Sampling sites were chosen to reflect significant differences in tree density (Tab. 1). Two even-aged pine stands planted at different spacing using native local provenances were selected. Light low thinnings, based on removal of suppressed and intermediate trees, have been occasionally carried out in both stands as well as across the whole pinewood. Both stands are characterized by a dominant and monospecific canopy layer of P. pinaster, with a widespread understory of Quercus ilex L., Q. suber L., Fraxinus ornus L., and other typical broadleaf maquis shrubs (Phillirea spp., Arbutus unedo L., Pistacia lentiscus L., Myrtus communis L.).

Sampling and tree-ring data

In each stand, two cores per tree were extracted at breast height from dominant trees using a 5-mm-diameter increment borer (Tab. 1). Extracted cores were mounted on wooden supports, air dried, and sanded with progressively finer sandpaper (200P and 600P) to make tree ring boundaries clearly visible under magnification. Earlywood (EW) and latewood (LW) widths were measured at a precision of 0.01 mm by a computer-linked mechanical platform under a stereoscope, and total ring (RW) widths were calculated as the sum of the two measurements for each ring. The earlywood/latewood transition was visually identified by a detectable changing in cell wall thickness, resulting in a band of darker cells.

Each ring width series was first visually checked and then statistically verified for cross-dating and measurement errors using the dendrochronology program library “dplR” developed for the R^® package by Bunn ([8]). Mean chronologies were truncated at a minimum sample size of < 5 series.

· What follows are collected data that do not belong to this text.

lemma resolve_satisfied:
  assumes "\<exists>l\<in>K. lit_val \<phi> l" "\<exists>l\<in>C. lit_val \<phi> l"
  shows "\<exists>l\<in>resolve_with C x K. lit_val \<phi> l"
proof (cases "comp x \<in> K \<and> \<not> (\<exists>a\<in>C - {x}. lit_val \<phi> a)")
  case True
  then have "lit_val \<phi> x"
    using assms(2) by blast
  with assms(1) True show ?thesis
    by (auto simp: resolve_with_def)
next
  case False
  with assms(1) show ?thesis
    by (auto simp: resolve_with_def)
qed

text \<open>A model of the resolvents either satisfies \<open>C - {x}\<close>, contradicting \<open>rest_false\<close>,
  or it satisfies every clause of \<open>G\<close> once \<open>x\<close> is set true.\<close>
lemma DP_unsatisfiable: "\<not> satisfiable (DP (var_of x) G)"
proof
  assume "satisfiable (DP (var_of x) G)"
  then obtain \<psi> where \<psi>: "\<forall>K\<in>G - {C}. \<exists>l\<in>resolve_with C x K. lit_val \<psi> l"
    unfolding DP_eq_image satisfiable_def by auto
  show False
  proof (cases "\<exists>a\<in>C - {x}. lit_val \<psi> a")
    case True
    have "\<exists>l\<in>K. lit_val \<psi> l" if K: "K \<in> G" "comp x \<notin> K" for K
    proof (cases "K = C")
      case True
      with \<open>\<exists>a\<in>C - {x}. lit_val \<psi> a\<close> show ?thesis
        by blast
    next
      case False
      with K \<psi> have "\<exists>l\<in>resolve_with C x K. lit_val \<psi> l"
        by blast
      with K(2) show ?thesis
        by (simp add: resolve_with_def)
    qed
    with True show False
      using rest_false by blast
  next
    case False
    have "\<exists>l\<in>K. lit_val (assign \<psi> x) l" if K: "K \<in> G" for K
    proof (cases "K = C")
      case True
      then show ?thesis
        using x_in_C by (intro bexI[of _ x]) (simp_all add: lit_val_assign)
    next
      case False
      with K \<psi> obtain l where l: "l \<in> resolve_with C x K" "lit_val \<psi> l"
        by blast
      with mem_resolve_with[OF l(1)] have "l \<in> K" "l \<noteq> comp x"
        using \<open>\<not> (\<exists>a\<in>C - {x}. lit_val \<psi> a)\<close> by auto
      moreover have "x \<notin> K"
        using unique K False by blast
      ultimately have "var_of l \<noteq> var_of x"
        by (auto simp: var_of_eq_iff)
      with l \<open>l \<in> K\<close> show ?thesis
        by (intro bexI[of _ l]) (simp_all add: lit_val_assign)
    qed
    then have "satisfiable G"
      unfolding satisfiable_def by blast
    with MU show False
      by (simp add: MU_def)
  qed
qed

Chronology computation and data analysis

To remove age-related growth trends and competition effects, a one-step detrending was applied to each individual series, using the packages dplR ([7]). A smoothing cubic spline curve with a 50 % frequency cut-off and response period of 30 years was fitted to each individual ring-width series. The indexes were calculated as ratios between the actual and fitted values. The index values were then pre-whitened using an autoregressive model selected on the basis of the minimum Akaike Information Criterion (AIC) and combined across all series using a bi-weight robust estimation of the mean to exclude the influence of the outliers ([14]). The first-order serial autocorrelation (AC1) was used to detect the persistence retained after the standardization. The signal strength of the tree-ring series was assessed using both the mean interseries correlation between all series from different trees (rbar.bt) and the expressed population signal (EPS), which is commonly adopted as a criterion for assessing the reliability of chronologies ([44]).

To explore common growth patterns between stand types we expressed the characteristics of our time series in the frequency domain. In this case, the spectral density was estimated by a smoothed periodogram using a fast Fourier transform ([23]), which yielded an estimate of the common variance associated with cycles at each frequency.

Climate-growth relationships

Due to the lack of representative meteorological data for the whole period covered by our chronologies, datasets from the Climate Research Unit (CRU, University of East Anglia, UK) were used to obtain mean monthly maximum temperatures and precipitation for the period 1951-2009 and the Palmer drought severity index (PDSI) for the period 1951-2002 (CRU self-calibrating PDSI), gridded on a 0.5 × 0.5 degree network. The chosen climate data, corresponding to the closest grid point to the geographical area in which the pinewood is located, were taken from the website of the Royal Netherlands Meteorological Institute (⇒ http:/­/­climexp.­knmi.­nl/­).

The PDSI uses air temperature, accumulated rainfall and field water-holding capacity to compute a standardized measure of soil moisture ranging from -6 to 6, the limits of which correspond to extremely dry and extremely wet soil conditions, respectively ([17]).

To assess the presence of climatic trends, we applied the Mann-Kendall non-parametric test ([6], [24]). Years characterized by the lowest amount of precipitation were identified using the Standardized Anomaly Index (SAI), calculated as It = (Rt-μ)/σ, where Rt denotes the total annual precipitation, μ and σ are mean and standard deviation of the long-term precipitation, respectively ([25]).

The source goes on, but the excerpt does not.